**Aim of the exercise**:
Show only those lines of the entries where the string "proof" is found.

Saved data entries
(* Let $R\in\operatorname{Ob}(\hat{\mathcal C})$, $n\ge2$, $G=\mathrm{SL}_n(R)$, $\bar\rho:G\to\mathrm{GL}_n(k)$ induced by reduction, $\iota:G\hookrightarrow\mathrm{GL}_n(R)$ the inclusion, and let $S\in\operatorname{Ob}(\hat{\mathcal C})$. (i) The map $\iota_*(S):\mathrm{Hom}_{\hat{\mathcal C}}(R,S)\to\mathrm{Def}_{\bar\rho}(S)$, $f\mapsto[\mathrm{GL}_n(f)\circ\iota]$, is injective. (ii) For $\xi\in\mathrm{Def}_{\bar\rho}(S)$, we have $\xi\in\operatorname{im}\iota_*(S)$ if and only if there is a lift $\rho\in\xi$ such that for every pair $a\ne b$ in $\{1,\dots,n\}$ and every $r\in R$ there exists $c^r_{ab}\in S$ with $\rho(t^r_{ab})=t^{c^r_{ab}}_{ab}$.
   Context: Let $k$ be a finite field. $\hat{\mathcal C}$ is the category of complete noetherian local commutative rings with residue field $k$, with local homomorphisms inducing the identity on $k$; $\mathfrak m_S$ is the maximal ideal of $S$. For a profinite group $G$ and continuous $\bar\rho:G\to\mathrm{GL}_n(k)$, a lift to $S$ is a continuous $\rho:G\to\mathrm{GL}_n(S)$ reducing to $\bar\rho$; lifts are strictly equivalent if conjugate by an element of $I+M_n(\mathfrak m_S)$; $\mathrm{Def}_{\bar\rho}(S)$ is the set of strict equivalence classes $[\rho]$. $\mathrm{GL}_n(f)$ applies $f$ entrywise. For a commutative ring $A$, $r\in A$ and $a\ne b$, $e_{ab}$ is the matrix unit with $1$ in position $(a,b)$ and $t^r_{ab}=I+re_{ab}$. *)

theory Defs
  imports "HOL-Analysis.Analysis"
begin

definition is_ideal :: "'r::comm_ring_1 set \<Rightarrow> bool" where
  "is_ideal I \<longleftrightarrow> 0 \<in> I \<and> (\<forall>x\<in>I. \<forall>y\<in>I. x + y \<in> I) \<and> (\<forall>r. \<forall>x\<in>I. r * x \<in> I)"

definition gen_ideal :: "'r::comm_ring_1 set \<Rightarrow> 'r set" where
  "gen_ideal X = \<Inter>{I. is_ideal I \<and> X \<subseteq> I}"

definition maxid :: "('r::comm_ring_1 \<Rightarrow> 'k::field) \<Rightarrow> 'r set" where
  "maxid \<pi> = {x. \<pi> x = 0}"

fun mpow :: "('r::comm_ring_1 \<Rightarrow> 'k::field) \<Rightarrow> nat \<Rightarrow> 'r set" where
  "mpow \<pi> 0 = UNIV"
| "mpow \<pi> (Suc i) = gen_ideal {a * b |a b. a \<in> maxid \<pi> \<and> b \<in> mpow \<pi> i}"

definition is_ring_hom :: "('a::comm_ring_1 \<Rightarrow> 'b::comm_ring_1) \<Rightarrow> bool" where
  "is_ring_hom f \<longleftrightarrow> f 1 = 1 \<and> (\<forall>x y. f (x + y) = f x + f y) \<and> (\<forall>x y. f (x * y) = f x * f y)"

text \<open>An object of C-hat: a complete noetherian local ring together with an identification
  of its residue field with k, given by a surjective ring map pi onto k whose kernel is the
  unique maximal ideal.\<close>
definition cobj :: "('r::comm_ring_1 \<Rightarrow> 'k::{field,finite}) \<Rightarrow> bool" where
  "cobj \<pi> \<longleftrightarrow>
     is_ring_hom \<pi> \<and> surj \<pi> \<and>
     \<comment> \<open>local with maximal ideal ker pi: everything outside ker pi is a unit\<close>
     (\<forall>x. \<pi> x \<noteq> 0 \<longrightarrow> (\<exists>y. x * y = 1)) \<and>
     \<comment> \<open>noetherian: every ideal is finitely generated\<close>
     (\<forall>I::'r set. is_ideal I \<longrightarrow> (\<exists>F. finite F \<and> I = gen_ideal F)) \<and>
     \<comment> \<open>m-adically separated\<close>
     (\<Inter>i. mpow \<pi> i) = {0} \<and>
     \<comment> \<open>m-adically complete\<close>
     (\<forall>x::nat \<Rightarrow> 'r. (\<forall>i. \<exists>N. \<forall>p\<ge>N. \<forall>q\<ge>N. x p - x q \<in> mpow \<pi> i) \<longrightarrow>
        (\<exists>L. \<forall>i. \<exists>N. \<forall>p\<ge>N. x p - L \<in> mpow \<pi> i))"

definition homC :: "('r::comm_ring_1 \<Rightarrow> 'k::{field,finite}) \<Rightarrow> ('s::comm_ring_1 \<Rightarrow> 'k)
    \<Rightarrow> ('r \<Rightarrow> 's) set" where
  "homC \<pi>R \<pi>S = {f. is_ring_hom f \<and> (\<forall>x. x \<in> maxid \<pi>R \<longrightarrow> f x \<in> maxid \<pi>S) \<and>
                     (\<forall>x. \<pi>S (f x) = \<pi>R x)}"

definition matmap :: "('a \<Rightarrow> 'b) \<Rightarrow> 'a^'n^'n \<Rightarrow> 'b^'n^'n" where
  "matmap f A = (\<chi> i j. f (A $ i $ j))"

definition SL :: "('r::comm_ring_1^'n^'n) set" where
  "SL = {g. det g = 1}"

definition is_GL :: "'s::comm_ring_1^'n^'n \<Rightarrow> bool" where
  "is_GL A \<longleftrightarrow> (\<exists>B. A ** B = mat 1 \<and> B ** A = mat 1)"

definition elt :: "'a::comm_ring_1 \<Rightarrow> 'n \<Rightarrow> 'n \<Rightarrow> 'a^'n^'n" where
  "elt r a b = mat 1 + (\<chi> i j. if i = a \<and> j = b then r else 0)"

definition matcong :: "('r::comm_ring_1 \<Rightarrow> 'k::field) \<Rightarrow> nat \<Rightarrow> 'r^'n^'n \<Rightarrow> 'r^'n^'n \<Rightarrow> bool" where
  "matcong \<pi> i A B \<longleftrightarrow> (\<forall>a b. A $ a $ b - B $ a $ b \<in> mpow \<pi> i)"

text \<open>A lift to S of the reduction representation of G = SL_n(R): a continuous group
  homomorphism G -> GL_n(S) (both with their m-adic topologies) reducing to rhobar.
  Only values on G matter.\<close>
definition is_lift :: "('r::comm_ring_1 \<Rightarrow> 'k::{field,finite}) \<Rightarrow> ('s::comm_ring_1 \<Rightarrow> 'k)
    \<Rightarrow> ('r^'n^'n \<Rightarrow> 's^'n^'n) \<Rightarrow> bool" where
  "is_lift \<pi>R \<pi>S \<rho> \<longleftrightarrow>
     (\<forall>g\<in>SL. is_GL (\<rho> g)) \<and>
     (\<forall>g\<in>SL. \<forall>h\<in>SL. \<rho> (g ** h) = \<rho> g ** \<rho> h) \<and>
     (\<forall>g\<in>SL. \<forall>i. \<exists>j. \<forall>h\<in>SL. matcong \<pi>R j g h \<longrightarrow> matcong \<pi>S i (\<rho> g) (\<rho> h)) \<and>
     (\<forall>g\<in>SL. matmap \<pi>S (\<rho> g) = matmap \<pi>R g)"

definition strict_equiv :: "('s::comm_ring_1 \<Rightarrow> 'k::field)
    \<Rightarrow> ('r::comm_ring_1^'n^'n \<Rightarrow> 's^'n^'n) \<Rightarrow> ('r^'n^'n \<Rightarrow> 's^'n^'n) \<Rightarrow> bool" where
  "strict_equiv \<pi>S \<rho> \<rho>' \<longleftrightarrow>
     (\<exists>P Q. P ** Q = mat 1 \<and> Q ** P = mat 1 \<and> (\<forall>a b. (P - mat 1) $ a $ b \<in> maxid \<pi>S) \<and>
            (\<forall>g\<in>SL. \<rho>' g = P ** \<rho> g ** Q))"

definition Def :: "('r::comm_ring_1 \<Rightarrow> 'k::{field,finite}) \<Rightarrow> ('s::comm_ring_1 \<Rightarrow> 'k)
    \<Rightarrow> ('r^'n^'n \<Rightarrow> 's^'n^'n) set set" where
  "Def \<pi>R \<pi>S = {\<rho>. is_lift \<pi>R \<pi>S \<rho>} // {(\<rho>, \<rho>'). strict_equiv \<pi>S \<rho> \<rho>'}"

definition iota_star :: "('r::comm_ring_1 \<Rightarrow> 'k::{field,finite}) \<Rightarrow> ('s::comm_ring_1 \<Rightarrow> 'k)
    \<Rightarrow> ('r \<Rightarrow> 's) \<Rightarrow> ('r^'n^'n \<Rightarrow> 's^'n^'n) set" where
  "iota_star \<pi>R \<pi>S f = {\<rho>'. is_lift \<pi>R \<pi>S \<rho>' \<and> strict_equiv \<pi>S (\<lambda>g. matmap f g) \<rho>'}"

end

theory Submission
  imports Defs
begin

text \<open>
  If \<open>\<rho>\<close> sends every elementary matrix \<open>t\<^sup>r\<^sub>a\<^sub>b\<close> to some \<open>t\<^sup>c\<^sub>a\<^sub>b\<close>, the coefficients
  \<open>c = coef a b r\<close> are additive in \<open>r\<close>. The Steinberg relations involving the monomial matrices
  \<open>w\<^sub>a\<^sub>b(u) = t\<^sup>u\<^sub>a\<^sub>b t\<^sup>-\<^sup>u\<^sup>\<inverse>\<^sub>b\<^sub>a t\<^sup>u\<^sub>a\<^sub>b\<close> and \<open>h\<^sub>a\<^sub>b(u) = w\<^sub>a\<^sub>b(u) w\<^sub>a\<^sub>b(-1)\<close> show that
  \<open>\<phi>(r) = coef a b r \<cdot> coef b a 1\<close> does not depend on \<open>a \<noteq> b\<close> and is multiplicative on units;
  since \<open>R\<close> is local, every element is a unit or a unit minus 1, so \<open>\<phi>\<close> is a ring homomorphism
  lifting the identity of \<open>k\<close>. The numbers \<open>coef a b 1\<close> form a multiplicative coboundary,
  so after conjugation by a diagonal matrix congruent to \<open>1\<close> modulo the maximal ideal of
  \<open>S\<close> the lift \<open>\<rho>\<close> agrees with \<open>GL\<^sub>n(\<phi>)\<close> on elementary matrices, hence on all of \<open>SL\<^sub>n(R)\<close>, which over a
  local ring is generated by them (Gaussian elimination).
  Injectivity: if \<open>GL\<^sub>n(g) = P GL\<^sub>n(f) Q\<close> on \<open>SL\<^sub>n(R)\<close> with \<open>PQ = 1\<close>, the \<open>(a, b)\<close> entry of
  the image of \<open>t\<^sup>r\<^sub>a\<^sub>b\<close> gives \<open>g(r) = P\<^sub>a\<^sub>a f(r) Q\<^sub>b\<^sub>b\<close>, and \<open>r = 1\<close> shows \<open>P\<^sub>a\<^sub>a Q\<^sub>b\<^sub>b = 1\<close>.
\<close>

lemma is_ring_hom_add: "is_ring_hom f \<Longrightarrow> f (x + y) = f x + f y"
  unfolding is_ring_hom_def by blast

lemma is_ring_hom_mult: "is_ring_hom f \<Longrightarrow> f (x * y) = f x * f y"
  unfolding is_ring_hom_def by blast

lemma is_ring_hom_one: "is_ring_hom f \<Longrightarrow> f 1 = 1"
  unfolding is_ring_hom_def by blast

lemma is_ring_hom_zero: "is_ring_hom f \<Longrightarrow> f 0 = 0"
  using is_ring_hom_add[of f 0 0] by simp

lemma is_ring_hom_uminus: "is_ring_hom f \<Longrightarrow> f (- x) = - f x"
  using is_ring_hom_add[of f x "- x"] is_ring_hom_zero[of f] by (simp add: minus_unique)

lemma is_ring_hom_diff: "is_ring_hom f \<Longrightarrow> f (x - y) = f x - f y"
  using is_ring_hom_add[of f x "- y"] is_ring_hom_uminus[of f y] by simp

lemma is_ring_hom_sum: "is_ring_hom f \<Longrightarrow> f (sum g A) = (\<Sum>x\<in>A. f (g x))"
  by (induction A rule: infinite_finite_induct) (auto simp: is_ring_hom_zero is_ring_hom_add)

lemma is_ring_hom_prod: "is_ring_hom f \<Longrightarrow> f (prod g A) = (\<Prod>x\<in>A. f (g x))"
  by (induction A rule: infinite_finite_induct) (auto simp: is_ring_hom_one is_ring_hom_mult)

lemma is_ring_hom_of_int: "is_ring_hom f \<Longrightarrow> f (of_int z) = of_int z"
  by (induction z rule: int_induct[where k=0])
    (simp_all add: is_ring_hom_zero is_ring_hom_add is_ring_hom_diff is_ring_hom_one)

lemma is_ideal_gen_ideal: "is_ideal (gen_ideal X)"
  unfolding is_ideal_def gen_ideal_def by auto

lemma gen_ideal_subset: "X \<subseteq> gen_ideal X"
  unfolding gen_ideal_def by auto

lemma gen_ideal_least: "is_ideal I \<Longrightarrow> X \<subseteq> I \<Longrightarrow> gen_ideal X \<subseteq> I"
  unfolding gen_ideal_def by auto

lemma is_ideal_mpow: "is_ideal (mpow \<pi> i)"
  by (cases i) (simp add: is_ideal_def, simp add: is_ideal_gen_ideal)

lemma ideal_zero: "is_ideal I \<Longrightarrow> 0 \<in> I"
  unfolding is_ideal_def by blast

lemma ideal_add: "is_ideal I \<Longrightarrow> x \<in> I \<Longrightarrow> y \<in> I \<Longrightarrow> x + y \<in> I"
  unfolding is_ideal_def by blast

lemma ideal_mult_left: "is_ideal I \<Longrightarrow> x \<in> I \<Longrightarrow> r * x \<in> I"
  unfolding is_ideal_def by blast

lemma ideal_mult_right: "is_ideal I \<Longrightarrow> x \<in> I \<Longrightarrow> x * r \<in> I"
  using ideal_mult_left[of I x r] by (simp add: mult.commute)

lemma ideal_sum: "is_ideal I \<Longrightarrow> (\<And>x. x \<in> A \<Longrightarrow> g x \<in> I) \<Longrightarrow> sum g A \<in> I"
  by (induction A rule: infinite_finite_induct) (auto simp: ideal_zero ideal_add)

lemma is_ideal_vimage: "is_ring_hom f \<Longrightarrow> is_ideal I \<Longrightarrow> is_ideal (f -` I)"
  unfolding is_ideal_def
  by (simp add: is_ring_hom_zero is_ring_hom_add is_ring_hom_mult)

lemma ring_hom_image_mpow:
  assumes f: "is_ring_hom f" and local: "\<And>x. x \<in> maxid \<pi>R \<Longrightarrow> f x \<in> maxid \<pi>S"
  shows "f ` mpow \<pi>R i \<subseteq> mpow \<pi>S i"
proof (induction i)
  case (Suc i)
  let ?gens = "{a * b |a b. a \<in> maxid \<pi>S \<and> b \<in> mpow \<pi>S i}"
  have "mpow \<pi>R (Suc i) \<subseteq> f -` gen_ideal ?gens"
    unfolding mpow.simps
  proof (rule gen_ideal_least)
    show "is_ideal (f -` gen_ideal ?gens)"
      by (rule is_ideal_vimage[OF f is_ideal_gen_ideal])
    have "f (a * b) \<in> ?gens" if "a \<in> maxid \<pi>R" "b \<in> mpow \<pi>R i" for a b
      using that local Suc.IH unfolding is_ring_hom_mult[OF f] by blast
    then show "{a * b |a b. a \<in> maxid \<pi>R \<and> b \<in> mpow \<pi>R i} \<subseteq> f -` gen_ideal ?gens"
      using gen_ideal_subset by blast
  qed
  then show ?case by auto
qed simp

lemma matcong_matmap:
  assumes "is_ring_hom f" and "\<And>x. x \<in> maxid \<pi>R \<Longrightarrow> f x \<in> maxid \<pi>S"
    and "matcong \<pi>R i A B"
  shows "matcong \<pi>S i (matmap f A) (matmap f B)"
  using assms ring_hom_image_mpow[OF assms(1,2), where i=i]
  by (fastforce simp: matcong_def matmap_def is_ring_hom_diff)

lemma matcong_mult:
  assumes "matcong \<pi> i A B"
  shows "matcong \<pi> i (M ** A ** N) (M ** B ** N)"
proof -
  have "(M ** A ** N) $ a $ b - (M ** B ** N) $ a $ b
      = (\<Sum>k\<in>UNIV. (\<Sum>l\<in>UNIV. M $ a $ l * (A $ l $ k - B $ l $ k)) * N $ k $ b)" for a b
    by (simp add: matrix_matrix_mult_def sum_subtractf algebra_simps sum_distrib_right)
  moreover have "(\<Sum>k\<in>UNIV. (\<Sum>l\<in>UNIV. M $ a $ l * (A $ l $ k - B $ l $ k)) * N $ k $ b) \<in> mpow \<pi> i"
    for a b
    using assms is_ideal_mpow
    by (intro ideal_sum ideal_mult_right ideal_mult_left) (auto simp: matcong_def)
  ultimately show ?thesis
    unfolding matcong_def by simp
qed

lemma elt_nth: "elt r a b $ i $ j = (if i = j then 1 else 0) + (if i = a \<and> j = b then r else 0)"
  by (simp add: elt_def mat_def)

**Answer space**:
proof (induction i)
  proof (rule gen_ideal_least)
proof -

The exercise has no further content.